WHAT NEEDS TO BE DONE
Lines to restate from the data below: from the one containing "by (blast intro: quasi_MV_star_flat_add_zero)" to the one containing "unfolding flat_strong_quasi_MV_star_def by", both included. Give them again exactly, and only them.

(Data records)

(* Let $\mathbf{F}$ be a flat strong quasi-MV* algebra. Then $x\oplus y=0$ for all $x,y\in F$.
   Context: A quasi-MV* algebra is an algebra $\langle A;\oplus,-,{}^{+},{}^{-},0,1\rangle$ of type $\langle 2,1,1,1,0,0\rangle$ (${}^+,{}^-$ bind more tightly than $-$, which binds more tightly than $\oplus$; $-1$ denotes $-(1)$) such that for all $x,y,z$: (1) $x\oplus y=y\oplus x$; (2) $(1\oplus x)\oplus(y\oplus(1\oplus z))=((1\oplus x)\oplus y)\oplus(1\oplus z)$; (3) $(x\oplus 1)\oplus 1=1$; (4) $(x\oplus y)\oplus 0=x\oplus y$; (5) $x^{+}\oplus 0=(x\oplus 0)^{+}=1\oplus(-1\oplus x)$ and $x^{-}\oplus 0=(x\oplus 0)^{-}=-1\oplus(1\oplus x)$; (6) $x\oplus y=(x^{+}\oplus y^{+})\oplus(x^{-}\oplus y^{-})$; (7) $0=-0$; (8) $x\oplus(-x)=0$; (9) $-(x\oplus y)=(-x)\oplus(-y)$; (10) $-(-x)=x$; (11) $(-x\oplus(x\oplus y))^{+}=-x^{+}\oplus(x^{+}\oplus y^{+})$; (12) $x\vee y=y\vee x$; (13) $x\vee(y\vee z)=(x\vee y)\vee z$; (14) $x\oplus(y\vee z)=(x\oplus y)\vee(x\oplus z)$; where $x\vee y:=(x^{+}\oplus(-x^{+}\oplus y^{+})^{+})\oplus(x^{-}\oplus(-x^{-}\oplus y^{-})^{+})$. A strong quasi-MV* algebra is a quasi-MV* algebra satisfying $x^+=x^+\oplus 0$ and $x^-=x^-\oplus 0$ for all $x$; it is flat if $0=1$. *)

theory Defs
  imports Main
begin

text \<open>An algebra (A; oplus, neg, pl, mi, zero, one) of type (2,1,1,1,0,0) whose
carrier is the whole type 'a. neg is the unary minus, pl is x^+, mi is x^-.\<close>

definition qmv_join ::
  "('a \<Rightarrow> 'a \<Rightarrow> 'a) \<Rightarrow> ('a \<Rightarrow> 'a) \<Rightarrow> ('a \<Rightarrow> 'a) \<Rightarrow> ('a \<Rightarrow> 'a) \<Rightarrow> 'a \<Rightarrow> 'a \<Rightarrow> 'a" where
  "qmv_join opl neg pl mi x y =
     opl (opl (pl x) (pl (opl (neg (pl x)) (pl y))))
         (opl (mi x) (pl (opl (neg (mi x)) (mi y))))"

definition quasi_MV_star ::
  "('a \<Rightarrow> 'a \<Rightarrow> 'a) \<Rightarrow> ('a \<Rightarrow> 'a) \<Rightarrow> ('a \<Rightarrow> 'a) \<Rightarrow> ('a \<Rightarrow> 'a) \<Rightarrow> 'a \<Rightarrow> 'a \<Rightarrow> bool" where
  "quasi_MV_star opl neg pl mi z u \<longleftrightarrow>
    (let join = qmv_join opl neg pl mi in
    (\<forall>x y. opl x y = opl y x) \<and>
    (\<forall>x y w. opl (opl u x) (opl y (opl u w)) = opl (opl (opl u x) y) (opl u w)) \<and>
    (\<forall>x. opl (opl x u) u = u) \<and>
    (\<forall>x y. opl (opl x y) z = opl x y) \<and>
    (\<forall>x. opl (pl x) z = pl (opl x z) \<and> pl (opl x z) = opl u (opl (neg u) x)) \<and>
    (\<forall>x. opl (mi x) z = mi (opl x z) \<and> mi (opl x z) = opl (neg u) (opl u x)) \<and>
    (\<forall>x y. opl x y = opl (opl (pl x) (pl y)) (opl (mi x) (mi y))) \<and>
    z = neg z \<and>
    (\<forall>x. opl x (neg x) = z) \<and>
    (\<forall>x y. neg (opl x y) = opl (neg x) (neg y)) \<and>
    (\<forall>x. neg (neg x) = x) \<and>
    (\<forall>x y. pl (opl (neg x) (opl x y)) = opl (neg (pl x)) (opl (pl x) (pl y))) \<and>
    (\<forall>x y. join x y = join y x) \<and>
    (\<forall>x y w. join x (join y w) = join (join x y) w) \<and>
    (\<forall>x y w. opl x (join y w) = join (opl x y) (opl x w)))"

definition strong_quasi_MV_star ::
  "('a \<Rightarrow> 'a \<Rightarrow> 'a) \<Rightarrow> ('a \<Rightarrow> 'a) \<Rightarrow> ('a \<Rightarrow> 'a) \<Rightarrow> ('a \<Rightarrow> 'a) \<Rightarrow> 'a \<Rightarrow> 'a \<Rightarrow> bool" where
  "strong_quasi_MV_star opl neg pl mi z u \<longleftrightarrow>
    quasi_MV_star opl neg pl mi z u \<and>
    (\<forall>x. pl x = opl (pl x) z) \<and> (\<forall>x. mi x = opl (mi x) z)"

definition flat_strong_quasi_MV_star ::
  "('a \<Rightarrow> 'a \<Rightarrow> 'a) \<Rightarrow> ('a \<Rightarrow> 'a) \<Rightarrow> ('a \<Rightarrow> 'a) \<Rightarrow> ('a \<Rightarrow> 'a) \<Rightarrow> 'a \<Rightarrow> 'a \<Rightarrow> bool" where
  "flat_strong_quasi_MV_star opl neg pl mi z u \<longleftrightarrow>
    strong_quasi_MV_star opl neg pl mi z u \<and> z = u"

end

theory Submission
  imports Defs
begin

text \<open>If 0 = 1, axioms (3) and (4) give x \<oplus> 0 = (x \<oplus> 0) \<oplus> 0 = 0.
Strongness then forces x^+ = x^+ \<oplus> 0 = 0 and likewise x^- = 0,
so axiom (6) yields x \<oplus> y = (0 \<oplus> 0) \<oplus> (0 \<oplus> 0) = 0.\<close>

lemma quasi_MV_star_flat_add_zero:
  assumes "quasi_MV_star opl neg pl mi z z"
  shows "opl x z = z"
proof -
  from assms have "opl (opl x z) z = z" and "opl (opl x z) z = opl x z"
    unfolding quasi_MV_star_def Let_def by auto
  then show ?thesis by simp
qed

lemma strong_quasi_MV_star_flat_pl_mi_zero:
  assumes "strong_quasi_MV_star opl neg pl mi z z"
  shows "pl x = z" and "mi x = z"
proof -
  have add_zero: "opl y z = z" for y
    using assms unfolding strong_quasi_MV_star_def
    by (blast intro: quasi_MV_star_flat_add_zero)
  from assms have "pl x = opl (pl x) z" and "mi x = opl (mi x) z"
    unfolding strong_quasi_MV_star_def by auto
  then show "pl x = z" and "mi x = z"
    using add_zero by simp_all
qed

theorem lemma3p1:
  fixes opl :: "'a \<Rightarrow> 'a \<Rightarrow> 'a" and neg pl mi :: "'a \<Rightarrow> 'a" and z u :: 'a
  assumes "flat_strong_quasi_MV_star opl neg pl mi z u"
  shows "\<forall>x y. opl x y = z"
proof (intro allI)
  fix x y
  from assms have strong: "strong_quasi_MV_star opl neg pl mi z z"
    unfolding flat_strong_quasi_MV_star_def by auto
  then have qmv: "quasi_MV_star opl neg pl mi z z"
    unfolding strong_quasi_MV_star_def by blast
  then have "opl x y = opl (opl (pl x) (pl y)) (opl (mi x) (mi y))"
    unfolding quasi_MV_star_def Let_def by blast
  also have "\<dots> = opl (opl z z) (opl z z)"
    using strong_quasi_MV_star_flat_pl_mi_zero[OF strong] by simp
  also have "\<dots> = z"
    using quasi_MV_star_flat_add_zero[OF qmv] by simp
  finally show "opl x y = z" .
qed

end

* * *

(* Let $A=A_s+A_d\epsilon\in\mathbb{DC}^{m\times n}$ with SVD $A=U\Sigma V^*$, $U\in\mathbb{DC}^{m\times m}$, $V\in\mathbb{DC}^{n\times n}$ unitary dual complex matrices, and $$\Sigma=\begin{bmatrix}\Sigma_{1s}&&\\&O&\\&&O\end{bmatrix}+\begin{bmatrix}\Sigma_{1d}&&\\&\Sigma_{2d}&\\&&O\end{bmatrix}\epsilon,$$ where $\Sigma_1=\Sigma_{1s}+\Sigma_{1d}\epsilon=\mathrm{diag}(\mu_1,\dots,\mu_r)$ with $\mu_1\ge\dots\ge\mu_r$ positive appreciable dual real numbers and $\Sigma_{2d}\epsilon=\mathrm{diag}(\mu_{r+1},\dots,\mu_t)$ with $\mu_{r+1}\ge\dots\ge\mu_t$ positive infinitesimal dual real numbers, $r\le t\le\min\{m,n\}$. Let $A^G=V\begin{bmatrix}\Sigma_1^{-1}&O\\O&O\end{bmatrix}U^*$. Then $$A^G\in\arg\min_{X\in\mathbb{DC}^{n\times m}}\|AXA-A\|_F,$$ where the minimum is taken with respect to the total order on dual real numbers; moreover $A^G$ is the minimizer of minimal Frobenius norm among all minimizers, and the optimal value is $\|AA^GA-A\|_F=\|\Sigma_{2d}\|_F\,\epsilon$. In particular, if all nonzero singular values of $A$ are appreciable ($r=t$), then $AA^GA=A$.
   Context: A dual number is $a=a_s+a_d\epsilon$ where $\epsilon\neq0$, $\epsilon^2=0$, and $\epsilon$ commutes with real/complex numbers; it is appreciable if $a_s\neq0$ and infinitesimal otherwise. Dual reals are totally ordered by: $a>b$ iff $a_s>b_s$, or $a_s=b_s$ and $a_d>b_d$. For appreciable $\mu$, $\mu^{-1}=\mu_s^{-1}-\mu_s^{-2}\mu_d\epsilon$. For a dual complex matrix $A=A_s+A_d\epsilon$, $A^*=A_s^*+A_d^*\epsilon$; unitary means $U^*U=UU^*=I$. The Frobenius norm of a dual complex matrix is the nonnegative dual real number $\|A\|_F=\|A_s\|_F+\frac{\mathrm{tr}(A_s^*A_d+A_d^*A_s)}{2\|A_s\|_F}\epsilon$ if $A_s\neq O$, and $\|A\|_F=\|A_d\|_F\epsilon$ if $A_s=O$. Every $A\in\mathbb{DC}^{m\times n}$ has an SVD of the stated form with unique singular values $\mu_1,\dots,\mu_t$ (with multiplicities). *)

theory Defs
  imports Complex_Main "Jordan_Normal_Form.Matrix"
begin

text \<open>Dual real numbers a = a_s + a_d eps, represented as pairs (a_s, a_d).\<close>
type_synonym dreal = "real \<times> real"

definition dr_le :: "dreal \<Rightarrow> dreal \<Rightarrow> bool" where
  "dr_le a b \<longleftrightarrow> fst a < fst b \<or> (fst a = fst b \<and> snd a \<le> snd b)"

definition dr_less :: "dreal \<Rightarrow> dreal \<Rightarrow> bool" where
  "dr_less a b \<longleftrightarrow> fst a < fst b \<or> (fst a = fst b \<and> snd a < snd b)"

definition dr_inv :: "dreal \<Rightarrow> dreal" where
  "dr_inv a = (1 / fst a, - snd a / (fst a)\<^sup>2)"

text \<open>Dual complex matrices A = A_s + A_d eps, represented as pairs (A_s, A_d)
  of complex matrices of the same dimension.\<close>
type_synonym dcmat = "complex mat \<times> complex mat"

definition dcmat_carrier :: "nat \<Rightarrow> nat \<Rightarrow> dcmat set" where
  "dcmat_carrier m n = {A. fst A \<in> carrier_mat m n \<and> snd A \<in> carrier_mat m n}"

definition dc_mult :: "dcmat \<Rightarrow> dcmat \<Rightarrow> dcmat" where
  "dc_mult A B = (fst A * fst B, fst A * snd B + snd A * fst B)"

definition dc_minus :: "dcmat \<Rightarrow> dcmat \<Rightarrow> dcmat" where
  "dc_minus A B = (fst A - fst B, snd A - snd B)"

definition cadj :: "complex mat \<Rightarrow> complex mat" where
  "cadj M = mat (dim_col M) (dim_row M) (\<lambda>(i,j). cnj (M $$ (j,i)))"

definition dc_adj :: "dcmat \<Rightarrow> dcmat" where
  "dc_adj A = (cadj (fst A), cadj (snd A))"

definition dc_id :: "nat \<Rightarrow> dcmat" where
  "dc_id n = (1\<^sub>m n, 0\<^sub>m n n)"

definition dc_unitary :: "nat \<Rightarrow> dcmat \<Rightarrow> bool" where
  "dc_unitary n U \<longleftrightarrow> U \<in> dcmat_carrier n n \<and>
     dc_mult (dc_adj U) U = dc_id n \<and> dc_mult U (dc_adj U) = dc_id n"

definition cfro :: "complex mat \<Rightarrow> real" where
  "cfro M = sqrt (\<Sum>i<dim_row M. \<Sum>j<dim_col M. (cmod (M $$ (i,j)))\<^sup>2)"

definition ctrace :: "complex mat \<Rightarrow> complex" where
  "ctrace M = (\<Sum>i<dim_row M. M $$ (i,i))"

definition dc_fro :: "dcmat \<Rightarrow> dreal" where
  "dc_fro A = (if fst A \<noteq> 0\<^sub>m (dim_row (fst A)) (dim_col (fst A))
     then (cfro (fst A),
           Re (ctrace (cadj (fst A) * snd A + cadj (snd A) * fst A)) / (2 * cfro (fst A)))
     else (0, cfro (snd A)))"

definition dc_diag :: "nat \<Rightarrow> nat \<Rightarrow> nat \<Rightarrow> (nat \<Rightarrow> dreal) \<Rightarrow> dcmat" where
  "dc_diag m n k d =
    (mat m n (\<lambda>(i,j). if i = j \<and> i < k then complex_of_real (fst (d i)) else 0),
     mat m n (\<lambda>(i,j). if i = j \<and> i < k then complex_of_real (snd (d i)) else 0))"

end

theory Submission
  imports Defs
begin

--

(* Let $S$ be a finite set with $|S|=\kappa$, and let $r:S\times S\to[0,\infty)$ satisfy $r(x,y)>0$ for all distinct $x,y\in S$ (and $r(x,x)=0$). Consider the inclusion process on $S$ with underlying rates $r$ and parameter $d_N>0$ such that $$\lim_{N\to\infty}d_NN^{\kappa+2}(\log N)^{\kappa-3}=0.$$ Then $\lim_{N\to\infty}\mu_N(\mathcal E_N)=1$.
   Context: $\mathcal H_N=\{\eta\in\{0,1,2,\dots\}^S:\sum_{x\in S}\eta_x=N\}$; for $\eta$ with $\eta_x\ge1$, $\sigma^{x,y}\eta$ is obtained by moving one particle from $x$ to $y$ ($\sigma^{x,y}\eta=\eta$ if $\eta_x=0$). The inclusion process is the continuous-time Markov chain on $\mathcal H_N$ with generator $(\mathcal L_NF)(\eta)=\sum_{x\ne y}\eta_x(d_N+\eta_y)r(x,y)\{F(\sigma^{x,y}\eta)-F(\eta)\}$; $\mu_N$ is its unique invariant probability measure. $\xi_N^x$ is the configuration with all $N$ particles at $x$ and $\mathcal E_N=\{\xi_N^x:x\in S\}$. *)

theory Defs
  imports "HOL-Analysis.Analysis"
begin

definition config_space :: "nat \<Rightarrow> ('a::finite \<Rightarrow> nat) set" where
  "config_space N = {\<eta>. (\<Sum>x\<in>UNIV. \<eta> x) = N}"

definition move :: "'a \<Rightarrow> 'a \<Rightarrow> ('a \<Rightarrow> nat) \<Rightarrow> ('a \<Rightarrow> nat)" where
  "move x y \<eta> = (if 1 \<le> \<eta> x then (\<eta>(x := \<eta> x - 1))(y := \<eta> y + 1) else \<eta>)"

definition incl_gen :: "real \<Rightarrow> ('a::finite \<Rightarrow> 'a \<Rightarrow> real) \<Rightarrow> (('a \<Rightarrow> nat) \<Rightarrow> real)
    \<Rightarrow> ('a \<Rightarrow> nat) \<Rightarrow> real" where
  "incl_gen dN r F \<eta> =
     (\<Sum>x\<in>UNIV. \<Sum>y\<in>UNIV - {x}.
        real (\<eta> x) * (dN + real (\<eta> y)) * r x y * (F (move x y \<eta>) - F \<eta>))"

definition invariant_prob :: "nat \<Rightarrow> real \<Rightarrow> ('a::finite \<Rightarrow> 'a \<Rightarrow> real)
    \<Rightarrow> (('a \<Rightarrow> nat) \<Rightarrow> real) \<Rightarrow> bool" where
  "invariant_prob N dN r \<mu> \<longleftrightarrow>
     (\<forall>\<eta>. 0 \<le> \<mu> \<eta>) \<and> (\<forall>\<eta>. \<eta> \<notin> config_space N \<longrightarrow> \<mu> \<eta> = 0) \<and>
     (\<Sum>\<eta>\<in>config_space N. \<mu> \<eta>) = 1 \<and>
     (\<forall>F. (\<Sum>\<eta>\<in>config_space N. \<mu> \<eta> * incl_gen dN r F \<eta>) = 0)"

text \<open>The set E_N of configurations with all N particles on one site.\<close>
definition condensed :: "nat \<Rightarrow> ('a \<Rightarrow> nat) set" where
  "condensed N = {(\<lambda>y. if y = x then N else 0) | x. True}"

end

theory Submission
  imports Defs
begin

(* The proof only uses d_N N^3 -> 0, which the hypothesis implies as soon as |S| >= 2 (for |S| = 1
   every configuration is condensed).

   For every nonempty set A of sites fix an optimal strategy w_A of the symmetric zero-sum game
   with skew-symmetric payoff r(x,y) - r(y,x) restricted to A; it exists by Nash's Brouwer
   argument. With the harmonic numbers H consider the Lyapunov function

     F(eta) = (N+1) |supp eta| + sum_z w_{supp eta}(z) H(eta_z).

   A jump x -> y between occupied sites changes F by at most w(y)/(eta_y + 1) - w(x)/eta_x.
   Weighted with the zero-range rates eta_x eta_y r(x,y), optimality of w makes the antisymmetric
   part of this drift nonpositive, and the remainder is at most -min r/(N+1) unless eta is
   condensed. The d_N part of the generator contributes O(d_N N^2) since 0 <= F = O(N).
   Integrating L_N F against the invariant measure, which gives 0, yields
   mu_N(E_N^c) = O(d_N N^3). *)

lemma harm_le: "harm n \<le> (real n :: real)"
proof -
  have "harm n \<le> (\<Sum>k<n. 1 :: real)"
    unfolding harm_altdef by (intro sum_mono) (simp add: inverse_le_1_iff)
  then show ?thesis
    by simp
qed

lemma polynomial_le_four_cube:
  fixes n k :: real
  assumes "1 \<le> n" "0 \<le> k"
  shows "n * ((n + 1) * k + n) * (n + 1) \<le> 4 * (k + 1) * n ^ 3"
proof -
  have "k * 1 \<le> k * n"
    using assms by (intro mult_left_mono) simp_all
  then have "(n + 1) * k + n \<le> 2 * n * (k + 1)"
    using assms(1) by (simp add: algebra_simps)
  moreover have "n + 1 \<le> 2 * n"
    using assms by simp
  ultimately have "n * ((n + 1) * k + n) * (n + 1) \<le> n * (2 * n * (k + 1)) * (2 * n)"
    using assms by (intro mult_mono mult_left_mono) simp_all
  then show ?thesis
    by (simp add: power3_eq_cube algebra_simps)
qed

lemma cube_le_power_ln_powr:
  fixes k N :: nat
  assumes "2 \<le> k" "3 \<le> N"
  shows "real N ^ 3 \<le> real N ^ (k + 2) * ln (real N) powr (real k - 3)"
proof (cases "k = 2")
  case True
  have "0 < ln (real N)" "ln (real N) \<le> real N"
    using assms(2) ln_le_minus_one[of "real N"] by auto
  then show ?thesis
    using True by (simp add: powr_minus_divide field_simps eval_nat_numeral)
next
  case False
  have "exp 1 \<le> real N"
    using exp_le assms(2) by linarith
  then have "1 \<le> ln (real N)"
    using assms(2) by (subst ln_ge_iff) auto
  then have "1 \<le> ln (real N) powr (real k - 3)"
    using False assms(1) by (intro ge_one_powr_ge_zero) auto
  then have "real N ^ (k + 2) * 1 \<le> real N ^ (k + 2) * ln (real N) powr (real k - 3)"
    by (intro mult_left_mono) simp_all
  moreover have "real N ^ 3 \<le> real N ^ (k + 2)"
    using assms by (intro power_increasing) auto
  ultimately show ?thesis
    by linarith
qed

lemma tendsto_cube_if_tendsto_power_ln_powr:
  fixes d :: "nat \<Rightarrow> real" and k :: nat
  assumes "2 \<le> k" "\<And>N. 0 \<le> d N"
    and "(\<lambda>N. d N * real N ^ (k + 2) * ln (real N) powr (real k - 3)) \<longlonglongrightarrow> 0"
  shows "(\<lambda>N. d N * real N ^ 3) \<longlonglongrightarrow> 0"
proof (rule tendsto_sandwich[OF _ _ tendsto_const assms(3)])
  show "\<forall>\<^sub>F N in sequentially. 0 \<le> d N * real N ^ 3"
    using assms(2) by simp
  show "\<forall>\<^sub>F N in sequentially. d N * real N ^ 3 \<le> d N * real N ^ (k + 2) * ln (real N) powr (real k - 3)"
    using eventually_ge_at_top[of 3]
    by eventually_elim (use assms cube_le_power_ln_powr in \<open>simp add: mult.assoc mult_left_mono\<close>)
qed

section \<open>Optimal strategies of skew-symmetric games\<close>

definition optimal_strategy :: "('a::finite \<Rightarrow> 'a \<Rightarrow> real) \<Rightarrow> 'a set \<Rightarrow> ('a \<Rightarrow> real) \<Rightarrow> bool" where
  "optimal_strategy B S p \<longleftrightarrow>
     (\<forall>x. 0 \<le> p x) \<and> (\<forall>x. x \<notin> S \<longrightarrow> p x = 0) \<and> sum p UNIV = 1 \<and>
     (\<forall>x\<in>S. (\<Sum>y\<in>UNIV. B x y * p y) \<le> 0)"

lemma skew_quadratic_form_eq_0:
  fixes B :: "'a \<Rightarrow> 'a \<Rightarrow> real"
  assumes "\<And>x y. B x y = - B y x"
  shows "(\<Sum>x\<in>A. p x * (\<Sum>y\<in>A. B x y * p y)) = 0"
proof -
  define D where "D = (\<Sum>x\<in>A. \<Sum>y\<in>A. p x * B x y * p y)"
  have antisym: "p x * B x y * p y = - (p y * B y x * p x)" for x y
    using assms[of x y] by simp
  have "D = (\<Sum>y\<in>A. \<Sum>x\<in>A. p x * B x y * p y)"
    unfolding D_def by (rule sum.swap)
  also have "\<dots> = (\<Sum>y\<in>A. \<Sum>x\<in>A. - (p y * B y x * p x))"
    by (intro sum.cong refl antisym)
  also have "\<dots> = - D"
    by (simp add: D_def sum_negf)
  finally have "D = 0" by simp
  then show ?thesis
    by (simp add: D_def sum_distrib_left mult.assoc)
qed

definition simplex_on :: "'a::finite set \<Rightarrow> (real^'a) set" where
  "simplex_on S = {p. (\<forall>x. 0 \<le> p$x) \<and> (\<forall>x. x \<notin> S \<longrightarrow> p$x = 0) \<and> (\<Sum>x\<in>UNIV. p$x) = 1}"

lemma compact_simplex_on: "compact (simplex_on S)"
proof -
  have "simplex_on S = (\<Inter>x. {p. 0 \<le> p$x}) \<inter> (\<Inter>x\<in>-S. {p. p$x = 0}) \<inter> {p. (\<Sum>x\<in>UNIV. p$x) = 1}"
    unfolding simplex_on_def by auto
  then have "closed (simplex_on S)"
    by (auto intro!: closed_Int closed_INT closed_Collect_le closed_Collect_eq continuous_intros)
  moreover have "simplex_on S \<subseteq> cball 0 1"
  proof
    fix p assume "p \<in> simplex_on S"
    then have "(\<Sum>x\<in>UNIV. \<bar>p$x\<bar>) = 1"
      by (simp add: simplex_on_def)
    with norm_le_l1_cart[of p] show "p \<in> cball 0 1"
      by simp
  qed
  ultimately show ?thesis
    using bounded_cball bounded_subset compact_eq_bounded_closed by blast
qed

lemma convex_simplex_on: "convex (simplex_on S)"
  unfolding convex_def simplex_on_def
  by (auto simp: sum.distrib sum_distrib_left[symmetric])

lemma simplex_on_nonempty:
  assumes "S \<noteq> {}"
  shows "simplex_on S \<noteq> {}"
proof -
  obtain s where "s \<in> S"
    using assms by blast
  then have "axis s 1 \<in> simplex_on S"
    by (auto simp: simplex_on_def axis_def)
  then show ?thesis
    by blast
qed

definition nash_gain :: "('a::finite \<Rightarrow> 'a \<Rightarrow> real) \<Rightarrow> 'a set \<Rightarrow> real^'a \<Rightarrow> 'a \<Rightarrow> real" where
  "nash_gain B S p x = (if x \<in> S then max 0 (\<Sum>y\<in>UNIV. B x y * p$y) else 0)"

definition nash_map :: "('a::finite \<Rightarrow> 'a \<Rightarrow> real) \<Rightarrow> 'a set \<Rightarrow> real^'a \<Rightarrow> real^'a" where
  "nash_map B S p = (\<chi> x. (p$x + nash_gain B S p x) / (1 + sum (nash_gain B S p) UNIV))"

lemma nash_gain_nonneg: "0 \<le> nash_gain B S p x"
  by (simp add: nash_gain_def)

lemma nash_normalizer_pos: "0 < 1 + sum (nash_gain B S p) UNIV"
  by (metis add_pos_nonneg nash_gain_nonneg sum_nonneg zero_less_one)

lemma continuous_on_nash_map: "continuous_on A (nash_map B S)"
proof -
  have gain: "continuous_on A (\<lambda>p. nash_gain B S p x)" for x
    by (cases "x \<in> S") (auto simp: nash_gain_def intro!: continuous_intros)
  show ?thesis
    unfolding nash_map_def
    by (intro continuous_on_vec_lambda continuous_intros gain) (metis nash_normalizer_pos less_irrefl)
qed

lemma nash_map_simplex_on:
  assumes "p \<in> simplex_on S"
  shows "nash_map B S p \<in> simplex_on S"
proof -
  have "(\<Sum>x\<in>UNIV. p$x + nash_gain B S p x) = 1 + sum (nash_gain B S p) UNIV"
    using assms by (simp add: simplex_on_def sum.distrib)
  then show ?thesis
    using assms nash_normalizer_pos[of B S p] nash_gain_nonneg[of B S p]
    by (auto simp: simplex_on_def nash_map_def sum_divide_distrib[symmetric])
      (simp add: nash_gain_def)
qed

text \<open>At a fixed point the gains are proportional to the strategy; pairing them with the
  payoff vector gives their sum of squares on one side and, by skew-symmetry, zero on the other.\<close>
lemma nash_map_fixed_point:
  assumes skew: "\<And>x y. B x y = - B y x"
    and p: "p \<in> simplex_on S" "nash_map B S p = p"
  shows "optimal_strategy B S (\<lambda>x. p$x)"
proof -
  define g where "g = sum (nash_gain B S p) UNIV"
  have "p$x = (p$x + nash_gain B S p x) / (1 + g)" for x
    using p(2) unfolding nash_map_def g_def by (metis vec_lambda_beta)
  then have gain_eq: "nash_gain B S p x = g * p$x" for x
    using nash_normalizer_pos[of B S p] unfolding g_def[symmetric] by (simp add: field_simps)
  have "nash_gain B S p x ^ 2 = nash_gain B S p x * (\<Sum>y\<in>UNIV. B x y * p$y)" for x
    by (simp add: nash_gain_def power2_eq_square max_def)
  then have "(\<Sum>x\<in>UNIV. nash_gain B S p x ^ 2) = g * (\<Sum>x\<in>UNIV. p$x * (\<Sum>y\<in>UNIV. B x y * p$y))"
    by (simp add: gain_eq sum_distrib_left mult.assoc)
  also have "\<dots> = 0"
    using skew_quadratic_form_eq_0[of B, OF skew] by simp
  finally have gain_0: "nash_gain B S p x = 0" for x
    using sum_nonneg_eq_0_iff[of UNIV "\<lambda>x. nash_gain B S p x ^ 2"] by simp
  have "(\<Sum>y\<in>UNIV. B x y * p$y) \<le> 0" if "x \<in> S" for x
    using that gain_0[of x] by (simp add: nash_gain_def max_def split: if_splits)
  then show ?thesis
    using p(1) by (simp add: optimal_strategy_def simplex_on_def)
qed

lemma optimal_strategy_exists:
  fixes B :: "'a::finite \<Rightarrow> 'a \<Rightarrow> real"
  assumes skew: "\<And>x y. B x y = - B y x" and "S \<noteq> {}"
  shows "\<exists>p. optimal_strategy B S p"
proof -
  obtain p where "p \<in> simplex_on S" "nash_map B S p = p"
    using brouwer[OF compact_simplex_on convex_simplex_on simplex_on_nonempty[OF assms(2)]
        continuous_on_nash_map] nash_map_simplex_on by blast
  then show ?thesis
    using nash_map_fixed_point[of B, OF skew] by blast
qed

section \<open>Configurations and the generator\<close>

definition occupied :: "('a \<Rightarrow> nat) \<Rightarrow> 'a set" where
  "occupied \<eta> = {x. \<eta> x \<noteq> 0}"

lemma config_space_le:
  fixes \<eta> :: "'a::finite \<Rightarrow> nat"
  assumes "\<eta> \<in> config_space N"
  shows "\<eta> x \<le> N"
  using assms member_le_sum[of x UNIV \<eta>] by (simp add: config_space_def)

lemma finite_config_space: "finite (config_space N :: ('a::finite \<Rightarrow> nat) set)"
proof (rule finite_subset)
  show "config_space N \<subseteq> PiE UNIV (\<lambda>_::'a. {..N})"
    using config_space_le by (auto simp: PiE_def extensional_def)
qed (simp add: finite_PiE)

EXERCISE OUTPUT
    by (blast intro: quasi_MV_star_flat_add_zero)
  from assms have "pl x = opl (pl x) z" and "mi x = opl (mi x) z"
    unfolding strong_quasi_MV_star_def by auto
  then show "pl x = z" and "mi x = z"
    using add_zero by simp_all
qed

theorem lemma3p1:
  fixes opl :: "'a \<Rightarrow> 'a \<Rightarrow> 'a" and neg pl mi :: "'a \<Rightarrow> 'a" and z u :: 'a
  assumes "flat_strong_quasi_MV_star opl neg pl mi z u"
  shows "\<forall>x y. opl x y = z"
proof (intro allI)
  fix x y
  from assms have strong: "strong_quasi_MV_star opl neg pl mi z z"
    unfolding flat_strong_quasi_MV_star_def by auto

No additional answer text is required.